§ Task brief
In the following material, identify every line holding the string "lies" and return it.

§ Records to process
━━━

(* Consider a sequence of problems indexed by $n$ with a fixed integer $m\ge1$, a support set $\mathcal{S}\subseteq\{1,\dots,n\}$ of size $s=s(n)$, a fixed rate $\theta_1>0$ and a rate $\theta_0=\theta_0(n)>\theta_1$. Observations of component $i$ are i.i.d. $\mathrm{Poisson}(\theta_0)$ if $i\notin\mathcal{S}$ and i.i.d. $\mathrm{Poisson}(\theta_1)$ if $i\in\mathcal{S}$, independent across components and draws. Run (reversed) sequential thresholding with $K=(1+\epsilon)\log_2 n$ passes, $\epsilon>0$: set $\mathcal{S}_0=\{1,\dots,n\}$; for $k=1,\dots,K$, for each $i\in\mathcal{S}_{k-1}$ take $m$ fresh observations, compute $T^{(k)}_{i,m}=\sum_{j=1}^m y^{(k)}_{i,j}$, and set $\mathcal{S}_k=\{i\in\mathcal{S}_{k-1}:T^{(k)}_{i,m}<\mathrm{median}(\mathrm{Poisson}(m\theta_0))\}$. If $\theta_0>\frac{\log(s\log_2 n)+1}{m}$, then sequential thresholding is reliable, i.e. $\lim_{n\to\infty}\mathbb{P}(\mathcal{S}_K\neq\mathcal{S})=0$.
   Context: A support estimator $\widehat{\mathcal{S}}(n)$ is reliable if $\lim_{n\to\infty}\mathbb{P}(\widehat{\mathcal{S}}(n)\neq\mathcal{S}(n))=0$. The inequality on $\theta_0$ is understood as a condition on the growth of $\theta_0(n)$ with $n$. *)

theory Defs
  imports "HOL-Probability.Probability"
begin

definition poisson_median :: "real \<Rightarrow> nat" where
  "poisson_median r = (LEAST M::nat. measure_pmf.prob (poisson_pmf r) {..M} \<ge> 1/2)"

text \<open>Observations: y (k, i, j) is the j-th observation of component i in pass k.
  Sequential thresholding: S_0 = {1..n}, and
  S_k = {i \<in> S_(k-1). (\<Sum>j=1..m. y(k,i,j)) < thr}.\<close>
fun seq_thresh :: "nat \<Rightarrow> nat \<Rightarrow> nat \<Rightarrow> (nat \<times> nat \<times> nat \<Rightarrow> nat) \<Rightarrow> nat \<Rightarrow> nat set" where
  "seq_thresh n m thr y 0 = {1..n}"
| "seq_thresh n m thr y (Suc k) =
     {i \<in> seq_thresh n m thr y k. (\<Sum>j=1..m. y (Suc k, i, j)) < thr}"

definition obs_pmf ::
  "nat \<Rightarrow> nat \<Rightarrow> nat \<Rightarrow> nat set \<Rightarrow> real \<Rightarrow> real \<Rightarrow> (nat \<times> nat \<times> nat \<Rightarrow> nat) pmf" where
  "obs_pmf n m K S theta0 theta1 =
     Pi_pmf ({1..K} \<times> {1..n} \<times> {1..m}) 0
       (\<lambda>(k, i, j). poisson_pmf (if i \<in> S then theta1 else theta0))"

end

theory Submission
  imports Defs "HOL-Real_Asymp.Real_Asymp"
begin

text \<open>
  A null component survives a pass with probability at most 1/2, because the threshold is the
  median of its Poisson(m theta0) statistic; after K = ceil((1 + eps) log2 n) passes the null
  components contribute at most n 2^(-K) <= n^(-eps) to the error probability. A support
  component is lost in a pass only if its Poisson(m theta1) statistic reaches the median M,
  which happens with probability at most (m theta1)^M / M!. A Chernoff-type bound gives
  exp (m theta0 / 2) <= 2^(M + 1), so the growth condition forces s K = O(4^M) and M --> \<infinity>;
  the union bound s K (m theta1)^M / M! = O((4 m theta1)^M / M!) therefore tends to 0.
\<close>

lemma power_over_fact_tendsto_zero:
  fixes x :: real
  shows "(\<lambda>n. x ^ n / fact n) \<longlonglongrightarrow> 0"
  using summable_exp[of x] by (intro summable_LIMSEQ_zero) (simp add: inverse_eq_divide field_simps)

lemma sum_power_over_fact_le_exp:
  fixes x :: real
  assumes "x \<ge> 0"
  shows "(\<Sum>k<n. x ^ k / fact k) \<le> exp x"
proof -
  obtain t where "exp x = (\<Sum>k<n. x ^ k / fact k) + exp t / fact n * x ^ n"
    using Maclaurin_exp_le[of x n] by blast
  moreover have "exp t / fact n * x ^ n \<ge> 0"
    using assms by simp
  ultimately show ?thesis
    by linarith
qed

lemma poisson_pmf_add:
  assumes "a > 0" "b > 0"
  shows "map_pmf (\<lambda>(x, y). x + y) (pair_pmf (poisson_pmf a) (poisson_pmf b)) = poisson_pmf (a + b)"
proof (rule pmf_eqI)
  fix n :: nat
  have preimage: "(\<lambda>(x, y). x + y) -` {n} = (\<lambda>k. (k, n - k)) ` {..n}"
    by (force simp: image_iff)
  have inj: "inj_on (\<lambda>k. (k, n - k)) {..n}"
    by (auto simp: inj_on_def)
  have "pmf (map_pmf (\<lambda>(x, y). x + y) (pair_pmf (poisson_pmf a) (poisson_pmf b))) n
      = (\<Sum>k\<le>n. a ^ k / fact k * exp (-a) * (b ^ (n - k) / fact (n - k) * exp (-b)))"
    unfolding pmf_map preimage using assms
    by (subst measure_measure_pmf_finite) (simp_all add: sum.reindex[OF inj] pmf_pair)
  also have "\<dots> = exp (-(a + b)) / fact n * (\<Sum>k\<le>n. real (n choose k) * a ^ k * b ^ (n - k))"
    unfolding sum_distrib_left
  proof (rule sum.cong[OF refl])
    fix k assume "k \<in> {..n}"
    then have "real (n choose k) = fact n / (fact k * fact (n - k))"
      by (simp add: binomial_fact)
    then show "a ^ k / fact k * exp (-a) * (b ^ (n - k) / fact (n - k) * exp (-b))
       = exp (-(a + b)) / fact n * (real (n choose k) * a ^ k * b ^ (n - k))"
      by (simp add: field_simps exp_diff exp_minus)
  qed
  also have "\<dots> = pmf (poisson_pmf (a + b)) n"
    using assms by (simp add: binomial_ring atLeast0AtMost)
  finally show "pmf (map_pmf (\<lambda>(x, y). x + y) (pair_pmf (poisson_pmf a) (poisson_pmf b))) n
      = pmf (poisson_pmf (a + b)) n" .
qed

lemma Pi_pmf_poisson_sum:
  assumes "finite J" "J \<noteq> {}" "\<And>j. j \<in> J \<Longrightarrow> \<theta> j > 0"
  shows "map_pmf (\<lambda>w. \<Sum>j\<in>J. w j) (Pi_pmf J d (\<lambda>j. poisson_pmf (\<theta> j)))
       = poisson_pmf (\<Sum>j\<in>J. \<theta> j)"
  using assms
proof (induction J rule: finite_ne_induct)
  case (singleton x)
  show ?case
    by (simp add: Pi_pmf_singleton pmf.map_comp o_def)
next
  case (insert x F)
  have "map_pmf (\<lambda>w. \<Sum>j\<in>insert x F. w j) (Pi_pmf (insert x F) d (\<lambda>j. poisson_pmf (\<theta> j)))
      = map_pmf (\<lambda>(y, z). y + z)
          (pair_pmf (poisson_pmf (\<theta> x)) (map_pmf (\<lambda>w. \<Sum>j\<in>F. w j) (Pi_pmf F d (\<lambda>j. poisson_pmf (\<theta> j)))))"
    using insert.hyps
    by (subst Pi_pmf_insert) (auto simp: pmf.map_comp o_def case_prod_unfold pair_map_pmf2
        intro!: pmf.map_cong sum.cong)
  also have "\<dots> = poisson_pmf (\<theta> x + (\<Sum>j\<in>F. \<theta> j))"
    using insert by (simp add: poisson_pmf_add sum_pos)
  finally show ?case
    using insert.hyps by simp
qed

lemma Pi_pmf_curry:
  assumes "finite I" "finite J"
  shows "map_pmf (\<lambda>z a b. z (a, b)) (Pi_pmf (I \<times> J) d p)
       = Pi_pmf I (\<lambda>_. d) (\<lambda>a. Pi_pmf J d (\<lambda>b. p (a, b)))"
proof (rule pmf_eqI)
  fix F :: "'a \<Rightarrow> 'b \<Rightarrow> 'c"
  have "inj (\<lambda>z a b. z (a, b))"
    by (auto simp: inj_def fun_eq_iff)
  then have "pmf (map_pmf (\<lambda>z a b. z (a, b)) (Pi_pmf (I \<times> J) d p)) F
      = pmf (Pi_pmf (I \<times> J) d p) (case_prod F)"
    using pmf_map_inj'[of "\<lambda>z a b. z (a, b)" _ "case_prod F"] by simp
  also have "\<dots> = pmf (Pi_pmf I (\<lambda>_. d) (\<lambda>a. Pi_pmf J d (\<lambda>b. p (a, b)))) F"
  proof (cases "\<forall>a b. (a, b) \<notin> I \<times> J \<longrightarrow> F a b = d")
    case True
    then have "pmf (Pi_pmf (I \<times> J) d p) (case_prod F)
        = (\<Prod>a\<in>I. \<Prod>b\<in>J. pmf (p (a, b)) (F a b))"
      using assms by (subst pmf_Pi) (auto simp: prod.cartesian_product intro!: prod.cong)
    also have "\<dots> = pmf (Pi_pmf I (\<lambda>_. d) (\<lambda>a. Pi_pmf J d (\<lambda>b. p (a, b)))) F"
      using True assms by (subst pmf_Pi) (auto simp: pmf_Pi fun_eq_iff intro!: prod.cong)
    finally show ?thesis .
  next
    case False
    then obtain a b where ab: "(a, b) \<notin> I \<times> J" "F a b \<noteq> d"
      by auto
    have "pmf (Pi_pmf (I \<times> J) d p) (case_prod F) = 0"
      using ab assms by (intro pmf_Pi_outside) auto
    moreover have "pmf (Pi_pmf I (\<lambda>_. d) (\<lambda>a. Pi_pmf J d (\<lambda>b. p (a, b)))) F = 0"
    proof (cases "a \<in> I")
      case True
      then show ?thesis
        using ab assms by (subst pmf_Pi) (auto intro!: prod_zero bexI[of _ a] pmf_Pi_outside)
    next
      case False
      then show ?thesis
        using ab assms by (intro pmf_Pi_outside) (auto simp: fun_eq_iff)
    qed
    ultimately show ?thesis
      by simp
  qed
  finally show "pmf (map_pmf (\<lambda>z a b. z (a, b)) (Pi_pmf (I \<times> J) d p)) F
      = pmf (Pi_pmf I (\<lambda>_. d) (\<lambda>a. Pi_pmf J d (\<lambda>b. p (a, b)))) F" .
qed

lemma Pi_pmf_row:
  assumes "finite I" "finite J" "a \<in> I"
  shows "map_pmf (\<lambda>z b. z (a, b)) (Pi_pmf (I \<times> J) d p) = Pi_pmf J d (\<lambda>b. p (a, b))"
proof -
  have "map_pmf (\<lambda>z b. z (a, b)) (Pi_pmf (I \<times> J) d p)
      = map_pmf (\<lambda>f. f a) (map_pmf (\<lambda>z a b. z (a, b)) (Pi_pmf (I \<times> J) d p))"
    by (simp add: pmf.map_comp o_def)
  also have "\<dots> = Pi_pmf J d (\<lambda>b. p (a, b))"
    using assms by (simp add: Pi_pmf_curry Pi_pmf_component)
  finally show ?thesis .
qed

lemma seq_thresh_eq:
  "seq_thresh n m thr y K = {i \<in> {1..n}. \<forall>k\<in>{1..K}. (\<Sum>j=1..m. y (k, i, j)) < thr}"
  by (induction K) (auto simp: le_Suc_eq)
definition firmly_nonexp :: "'a::metric_space set \<Rightarrow> real \<Rightarrow> 'a set \<Rightarrow> ('a \<Rightarrow> 'a) \<Rightarrow> bool" where
  "firmly_nonexp X lam C T \<longleftrightarrow> (\<forall>x\<in>C. \<forall>y\<in>C.
     dist (T x) (T y) \<le> dist (geo X x (T x) lam) (geo X y (T y) lam) \<and>
     dist (geo X x (T x) lam) (geo X y (T y) lam) \<le> dist x y)"

definition II_modulus :: "'a::metric_space set \<Rightarrow> (nat \<Rightarrow> nat) \<Rightarrow> bool" where
  "II_modulus C \<gamma> \<longleftrightarrow> (\<forall>k. \<forall>y::nat \<Rightarrow> 'a. (\<forall>n. y n \<in> C) \<longrightarrow>
     (\<exists>i j. i < j \<and> j \<le> \<gamma> k \<and> dist (y i) (y j) \<le> 1 / (real k + 1)))"

definition maxf :: "(nat \<Rightarrow> nat) \<Rightarrow> nat \<Rightarrow> nat" where
  "maxf f n = Max (f ` {..n})"

primrec Theta0 :: "nat \<Rightarrow> nat \<Rightarrow> (nat \<Rightarrow> nat) \<Rightarrow> nat \<Rightarrow> nat \<Rightarrow> nat" where
  "Theta0 c K g k 0 = 0"
| "Theta0 c K g k (Suc n) = c * ((maxf g (Theta0 c K g k n + K) + K) * (4 * k + 4))\<^sup>2"

end

theory Submission
  imports Defs
begin

text \<open>For a fixed point p, firm nonexpansiveness and the CN inequality of CAT(0) give the
  Fejer-type inequality d(Tu,p)^2 <= d(u,p)^2 - lam d(u,Tu)^2. Summing along the orbit and using
  that the displacements d(x_n, x_(n+1)) decrease yields lam n d(x_n, x_(n+1))^2 <= b^2, so x_m is
  a 1/R-fixed point as soon as m >= c R^2. Applying the II-modulus to the sparse subsequence
  x_(Theta0(n)+K) gives indices i < j with x_N, N = Theta0(i)+K, close to z = x_(Theta0(j)+K).
  As Theta0(j) >= Theta0(i+1), the point z is so nearly fixed that, by nonexpansiveness, the
  orbit starting at x_N cannot drift away from z within the window [N, N + g N].\<close>

lemma CAT0_geodesic_exists:
  assumes "CAT0 X" "x \<in> X" "y \<in> X"
  obtains g where "geodesic_path x y g" "g ` {0..1} \<subseteq> X"
  using assms unfolding CAT0_def by meson
definition fin_gen_ideal :: "'k::field set \<Rightarrow> 'k set \<Rightarrow> bool" where
  "fin_gen_ideal R J \<longleftrightarrow> is_ideal R J \<and>
     (\<exists>F. finite F \<and> F \<subseteq> R \<and> J = {\<Sum>f\<in>F. c f * f | c. \<forall>f\<in>F. c f \<in> R})"

definition GV :: "'k::field set \<Rightarrow> 'k set set" where
  "GV R = {J. fin_gen_ideal R J \<and> v_op R J = R}"

text \<open>w-closure of a module N over the ring R (R = D gives w, R = D_S gives w-bar).\<close>
definition w_cl :: "('k::field \<Rightarrow> 'v::ab_group_add \<Rightarrow> 'v) \<Rightarrow> 'k set \<Rightarrow> 'v set \<Rightarrow> 'v set" where
  "w_cl scale R N = {x \<in> module.span scale N. \<exists>J\<in>GV R. \<forall>j\<in>J. scale j x \<in> N}"

end

theory Submission
  imports Defs
begin

text \<open>An ideal J lies in GV(R) exactly when it is generated by a finite F \<subseteq> R with
(R :_K F) = R, so x \<in> N_w means that x lies in the K-span of N and F x \<subseteq> N for such an F.
These generating sets are closed under products, and one over D is still one over D_S, because
the finitely many denominators of the elements a f (f \<in> F) can be cleared at once. Clearing the denominators of
F x \<subseteq> L_S gives (L_S)_w \<subseteq> (L_w)_S, and lifting F to D_S gives (L_S)_w \<subseteq> (L_S)_w-bar and
(L_w)_S \<subseteq> (L_S)_w-bar. Intersecting with the w-module M yields (1) and (2), and (3) follows
because w-bar is idempotent.\<close>

lemma sum_mem_add_closed:
  assumes "0 \<in> A" "\<And>a b. a \<in> A \<Longrightarrow> b \<in> A \<Longrightarrow> a + b \<in> A" "\<And>i. i \<in> I \<Longrightarrow> g i \<in> A"
  shows "sum g I \<in> A"
  using assms(3) by (induction I rule: infinite_finite_induct) (simp_all add: assms(1,2))

definition ideal_span :: "'k::field set \<Rightarrow> 'k set \<Rightarrow> 'k set" where
  "ideal_span R F = {\<Sum>f\<in>F. c f * f | c. \<forall>f\<in>F. c f \<in> R}"

lemma ideal_span_subset:
  assumes R: "is_subring R" and F: "F \<subseteq> R"
  shows "ideal_span R F \<subseteq> R"
proof
  fix x assume "x \<in> ideal_span R F"
  then obtain c where x: "x = (\<Sum>f\<in>F. c f * f)" and c: "\<forall>f\<in>F. c f \<in> R"
    unfolding ideal_span_def by blast
  show "x \<in> R" unfolding x
    by (rule sum_mem_add_closed) (use R F c in \<open>auto simp: is_subring_def\<close>)
qed

lemma mem_ideal_span:
  assumes "is_subring R" "finite F" "f \<in> F"
  shows "f \<in> ideal_span R F"
proof -
  let ?c = "\<lambda>g. if g = f then 1 else 0"
  have "(\<Sum>g\<in>F. ?c g * g) = (\<Sum>g\<in>F. if g = f then g else 0)" by (rule sum.cong) simp_all
  also have "\<dots> = f" using assms(2,3) by simp
  finally have "(\<Sum>g\<in>F. ?c g * g) = f" .
  moreover have "\<forall>g\<in>F. ?c g \<in> R" using assms(1) by (auto simp: is_subring_def)
  ultimately show ?thesis unfolding ideal_span_def by force
qed

lemma is_ideal_ideal_span:
  assumes R: "is_subring R" and F: "F \<subseteq> R"
  shows "is_ideal R (ideal_span R F)"
  unfolding is_ideal_def
proof (intro conjI ballI)
  show "ideal_span R F \<subseteq> R" using R F by (rule ideal_span_subset)
  show "0 \<in> ideal_span R F" unfolding ideal_span_def mem_Collect_eq
    using R by (intro exI[where x = "\<lambda>_. 0"]) (simp add: is_subring_def)
next
  fix x y assume "x \<in> ideal_span R F" "y \<in> ideal_span R F"
  then obtain c d where x: "x = (\<Sum>f\<in>F. c f * f)" "\<forall>f\<in>F. c f \<in> R"
    and y: "y = (\<Sum>f\<in>F. d f * f)" "\<forall>f\<in>F. d f \<in> R" unfolding ideal_span_def by blast
  have "x + y = (\<Sum>f\<in>F. (c f + d f) * f)" unfolding x y by (simp add: sum.distrib algebra_simps)
  moreover have "\<forall>f\<in>F. c f + d f \<in> R" using x y R by (auto simp: is_subring_def)
  ultimately show "x + y \<in> ideal_span R F" unfolding ideal_span_def mem_Collect_eq
    by (intro exI[where x = "\<lambda>f. c f + d f"]) simp
next
  fix r x assume r: "r \<in> R" and "x \<in> ideal_span R F"
  then obtain c where x: "x = (\<Sum>f\<in>F. c f * f)" "\<forall>f\<in>F. c f \<in> R" unfolding ideal_span_def by blast
  have "r * x = (\<Sum>f\<in>F. (r * c f) * f)" unfolding x by (simp add: sum_distrib_left ac_simps)
  moreover have "\<forall>f\<in>F. r * c f \<in> R" using x r R by (auto simp: is_subring_def)
  ultimately show "r * x \<in> ideal_span R F" unfolding ideal_span_def mem_Collect_eq
    by (intro exI[where x = "\<lambda>f. r * c f"]) simp
qed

━━━

§ Exercise result
text \<open>An ideal J lies in GV(R) exactly when it is generated by a finite F \<subseteq> R with
(R :_K F) = R, so x \<in> N_w means that x lies in the K-span of N and F x \<subseteq> N for such an F.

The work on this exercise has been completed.